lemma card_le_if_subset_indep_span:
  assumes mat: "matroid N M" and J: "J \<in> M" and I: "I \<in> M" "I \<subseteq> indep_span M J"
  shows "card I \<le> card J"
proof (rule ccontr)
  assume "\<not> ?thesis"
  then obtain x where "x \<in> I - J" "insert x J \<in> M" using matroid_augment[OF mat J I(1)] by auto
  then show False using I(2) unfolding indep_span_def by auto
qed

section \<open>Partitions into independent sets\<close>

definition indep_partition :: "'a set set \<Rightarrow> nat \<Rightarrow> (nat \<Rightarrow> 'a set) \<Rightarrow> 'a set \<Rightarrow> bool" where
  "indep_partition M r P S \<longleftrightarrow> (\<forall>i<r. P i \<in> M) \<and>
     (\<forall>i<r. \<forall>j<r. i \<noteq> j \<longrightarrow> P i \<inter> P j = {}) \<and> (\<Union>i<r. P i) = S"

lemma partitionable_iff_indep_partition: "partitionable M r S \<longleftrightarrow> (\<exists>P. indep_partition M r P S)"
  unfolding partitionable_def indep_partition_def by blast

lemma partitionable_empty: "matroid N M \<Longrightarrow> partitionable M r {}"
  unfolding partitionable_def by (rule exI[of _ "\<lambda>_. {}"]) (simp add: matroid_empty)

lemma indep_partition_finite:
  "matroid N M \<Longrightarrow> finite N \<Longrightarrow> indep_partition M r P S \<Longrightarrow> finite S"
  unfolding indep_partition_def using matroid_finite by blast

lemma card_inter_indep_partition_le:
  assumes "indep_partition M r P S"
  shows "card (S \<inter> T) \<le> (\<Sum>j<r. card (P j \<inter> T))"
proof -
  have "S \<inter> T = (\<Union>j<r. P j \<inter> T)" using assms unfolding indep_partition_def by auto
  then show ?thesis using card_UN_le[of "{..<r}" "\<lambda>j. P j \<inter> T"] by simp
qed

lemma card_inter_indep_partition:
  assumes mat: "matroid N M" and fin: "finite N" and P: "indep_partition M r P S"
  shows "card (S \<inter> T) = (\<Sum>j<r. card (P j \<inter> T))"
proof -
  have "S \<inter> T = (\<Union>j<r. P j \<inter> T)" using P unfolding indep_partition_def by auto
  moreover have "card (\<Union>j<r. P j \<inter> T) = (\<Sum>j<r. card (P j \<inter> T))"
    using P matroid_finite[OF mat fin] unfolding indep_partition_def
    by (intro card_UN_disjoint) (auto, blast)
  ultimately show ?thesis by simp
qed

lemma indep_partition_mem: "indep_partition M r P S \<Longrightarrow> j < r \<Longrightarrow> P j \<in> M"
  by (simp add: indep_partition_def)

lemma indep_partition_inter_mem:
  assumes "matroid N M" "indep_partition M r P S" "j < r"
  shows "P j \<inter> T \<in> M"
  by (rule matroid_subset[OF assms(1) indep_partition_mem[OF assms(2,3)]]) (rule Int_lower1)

****************************************

Start with the first line of the data and print every line exactly. The line containing "section \<open>Partitions into" is the last one to include.

→ **ANSWER BOX**
lemma card_le_if_subset_indep_span:
  assumes mat: "matroid N M" and J: "J \<in> M" and I: "I \<in> M" "I \<subseteq> indep_span M J"
  shows "card I \<le> card J"
proof (rule ccontr)
  assume "\<not> ?thesis"
  then obtain x where "x \<in> I - J" "insert x J \<in> M" using matroid_augment[OF mat J I(1)] by auto
  then show False using I(2) unfolding indep_span_def by auto
qed

section \<open>Partitions into independent sets\<close>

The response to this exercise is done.